Он пошел дальше. После очередной мили или около того, он заметил чернокожих, занимавшихся прополкой табака в поле. Они не обратили на него никакого внимания. Их головы были наклонены вниз, полностью поглощенные работой. Мотыги поднимались и опускались, поднимались и опускались - не быстро, но с постоянным темпом, рассчитывая чтобы закончить работу вовремя и чтобы надзиратель был доволен - вечный темп рабов.

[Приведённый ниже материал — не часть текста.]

text \<open>If an edge uv of a square uvv'u' crosses from the a-side to the b-side of the edge ab, so
  does the opposite edge u'v'. Otherwise the distances to a or to b force two distinct vertices
  of the square to be medians of the same triple.\<close>

lemma square_keeps_side:
  assumes ab: "adj a b"
    and square: "adj u v" "adj u u'" "adj v v'" "adj u' v'" "distinct [u, v, u', v']"
    and u: "d u a < d u b" and v: "d v b < d v a"
  shows "d u' a < d u' b"
proof (rule ccontr)
  assume u': "\<not> d u' a < d u' b"
  have V: "a \<in> V" "b \<in> V" "u \<in> V" "v \<in> V" "u' \<in> V" "v' \<in> V"
    using adj_in_V ab square by blast+
  have one: "d u v = 1" "d v u = 1" "d u u' = 1" "d u' u = 1"
    "d v v' = 1" "d v' v = 1" "d u' v' = 1" "d v' u' = 1"
    using gdist_adj adj_sym square by blast+
  have two: "d v u' = 2" "d u v' = 2"
    using gdist_path2 adj_sym square by auto
  have sym: "d a u = d u a" "d a v = d v a" "d a v' = d v' a"
    "d b u = d u b" "d b v = d v b" "d b u' = d u' b"
    by (simp_all add: gdist_sym[OF V(1)] gdist_sym[OF V(2)] V)
  have ub: "d u b = Suc (d u a)"
    using gdist_edge_sides[OF ab V(3)] u by linarith
  have v_dists: "d v b = d u a" "d v a = Suc (d u a)"
    using gdist_edge_sides[OF ab V(4)] gdist_adj_cases[OF square(1) V(1)]
      gdist_adj_cases[OF square(1) V(2)] ub v by linarith+
  have u'_dists: "d u' b = d u a" "d u' a = Suc (d u a)"
    using gdist_edge_sides[OF ab V(5)] gdist_adj_cases[OF square(2) V(1)]
      gdist_adj_cases[OF square(2) V(2)] ub u' by linarith+
  have "d v' a = d u a \<or> d v' a = Suc (Suc (d u a))"
    using gdist_adj_cases[OF square(3) V(1)] v_dists by linarith
  moreover have "d v' b = Suc (d u a)" if "d v' a = Suc (Suc (d u a))"
    using gdist_edge_sides[OF ab V(6)] gdist_adj_cases[OF square(3) V(2)] v_dists that by linarith
  ultimately have "d v' a = d u a \<and> d u' a = Suc (d u a) \<and> d v a = Suc (d u a)
    \<or> d v' b = Suc (d v b) \<and> d u b = Suc (d v b) \<and> d u' b = d v b"
    using ub v_dists u'_dists by auto
  then show False
  proof
    assume "d v' a = d u a \<and> d u' a = Suc (d u a) \<and> d v a = Suc (d u a)"
    then have "u = v'"
      by (intro median_unique[of v u' a]) (simp_all add: interval_def V one two sym)
    then show False
      using square(5) by simp
  next
    assume "d v' b = Suc (d v b) \<and> d u b = Suc (d v b) \<and> d u' b = d v b"
    then have "v = u'"
      by (intro median_unique[of u v' b]) (simp_all add: interval_def V one two sym)
    then show False
      using square(5) by simp
  qed
qed

lemma theta_edge_crosses:
  assumes ab: "adj a b"
    and "({a, b}, f) \<in> {(e, f). opposite adj e f}\<^sup>*"
  obtains u v where "f = {u, v}" "adj u v" "d u a < d u b" "d v b < d v a"
proof -
  from assms(2) have "\<exists>u v. f = {u, v} \<and> adj u v \<and> d u a < d u b \<and> d v b < d v a"
  proof (induction rule: rtrancl_induct)
    case base
    show ?case
      using ab by (intro exI[of _ a] exI[of _ b]) (simp add: gdist_adj adj_sym)
  next
    case (step f g)
    from step.IH obtain u v where uv: "f = {u, v}" "adj u v" "d u a < d u b" "d v b < d v a"
      by blast
    from step.hyps(2) obtain p q r s where pqrs: "f = {p, q}" "g = {r, s}" "distinct [p, q, r, s]"
      "adj p q" "adj q s" "adj s r" "adj r p"
      unfolding opposite_def by blast
    have "u = p \<and> v = q \<or> u = q \<and> v = p"
      using uv(1) pqrs(1) by (auto simp: doubleton_eq_iff)
    then show ?case
    proof
      assume "u = p \<and> v = q"
      then have "d r a < d r b" "d s b < d s a"
        using square_keeps_side[OF ab, of u v r s] square_keeps_side[OF adj_sym[OF ab], of v u s r]
          pqrs uv adj_sym by auto
      then show ?case
        using pqrs adj_sym by blast
    next
      assume "u = q \<and> v = p"
      then have "d s a < d s b" "d r b < d r a"
        using square_keeps_side[OF ab, of u v s r] square_keeps_side[OF adj_sym[OF ab], of v u r s]
          pqrs uv adj_sym by auto
      then show ?case
        using pqrs adj_sym by (metis insert_commute)
    qed
  qed
  then show ?thesis
    using that by blast
qed

lemma comp_del_extend:
  assumes "x' \<in> comp_del V adj C a" "adj x' x" "{x', x} \<notin> C"
  shows "x \<in> comp_del V adj C a"
proof -
  obtain xs where xs: "walk_in (\<lambda>u v. adj u v \<and> {u, v} \<notin> C) xs" "hd xs = a" "last xs = x'"
    using assms(1) unfolding comp_del_def by blast
  then have "walk_in (\<lambda>u v. adj u v \<and> {u, v} \<notin> C) (xs @ [x])"
    using assms by (intro walk_in_append) auto
  moreover have "xs \<noteq> []"
    using xs(1) by (simp add: walk_in_def)
  ultimately show ?thesis
    unfolding comp_del_def using xs adj_in_V(2)[OF assms(2)] by (auto intro!: exI[of _ "xs @ [x]"])
qed

text \<open>The Theta-class of ab separates the vertices closer to a from those closer to b: a shortest
  path from such a vertex to a stays on the a-side and hence uses no edge of the class.\<close>

lemma closer_in_comp_del:
  assumes ab: "adj a b" and x: "x \<in> V" "d x a < d x b"
  shows "x \<in> comp_del V adj {f. theta adj {a, b} f} a"
  using x
proof (induction "d x a" arbitrary: x)
  case 0
  then show ?case
    using adj_in_V[OF ab] gdist_eq_0_iff unfolding comp_del_def by (auto intro!: exI[of _ "[a]"])
next
  case (Suc k x)
  obtain x' where x': "adj x x'" "d x' a = k"
    using gdist_Suc_neighbour[OF Suc.prems(1) adj_in_V(1)[OF ab] Suc.hyps(2)[symmetric]] .
  have "d x b \<le> Suc (d x' b)"
    using gdist_triangle[OF Suc.prems(1) adj_in_V(2)[OF x'(1)] adj_in_V(2)[OF ab]] gdist_adj[OF x'(1)]
    by simp
  then have x'_side: "d x' a < d x' b"
    using x'(2) Suc.hyps(2) Suc.prems(2) by simp
  then have "x' \<in> comp_del V adj {f. theta adj {a, b} f} a"
    using Suc.hyps(1)[of x'] x'(2) adj_in_V(2)[OF x'(1)] by simp
  moreover have "{x', x} \<notin> {f. theta adj {a, b} f}"
  proof
    assume "{x', x} \<in> {f. theta adj {a, b} f}"
    then have "({a, b}, {x', x}) \<in> {(e, f). opposite adj e f}\<^sup>*"
      unfolding theta_def by simp
    then obtain u v where "{x', x} = {u, v}" "adj u v" "d u a < d u b" "d v b < d v a"
      by (rule theta_edge_crosses[OF ab])
    then show False
      using x'_side Suc.prems(2) by (auto simp: doubleton_eq_iff)
  qed
  ultimately show ?case
    using comp_del_extend adj_sym[OF x'(1)] by blast
qed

Сам он уже привык к быстрому ритму. Он также вспомнил, о мужчинах их Ривингтона и то, что он видел в самой Ривингтоне, о рабах, которых заставляли работать такими быстрыми темпами. Но зачем? Работа все равно будет сделана, в любом случае. Неторопливость тоже была частью возвращения домой. А что касается неторопливости в армии, он сам кричал на Непобедимых Кастальцев на марше, подгоняя их. Он добрался в Нэшвилл к концу дня. Клены и мирт выстроились в тени дороги - вот и первая улица небольшого городка. Хотя он родился и вырос в Касталии, Коделл провел большую часть своей взрослой жизни здесь: в округе и близлежащих фермах хватало достаточно детей, чтобы учитель был полностью занят.
Но каким маленьким местечко выглядело теперь, когда он увидел его снова, после своих путешествий! Хорошо брошенный камень долетит из одного конца Нэшвилла в другой. Даже нет отеля: так, небольшой домик для приезжих, поскольку железная дорога прошла мимо города. Старый Рэфорд Лайлз зашел в почтовое отделение, располагавшееся в его магазинчике на углу Первой и Вашингтона. Почта… Коделл вспомнил обещание, которое он дал Молли. Он вошел туда. Колокол над дверью звякнул.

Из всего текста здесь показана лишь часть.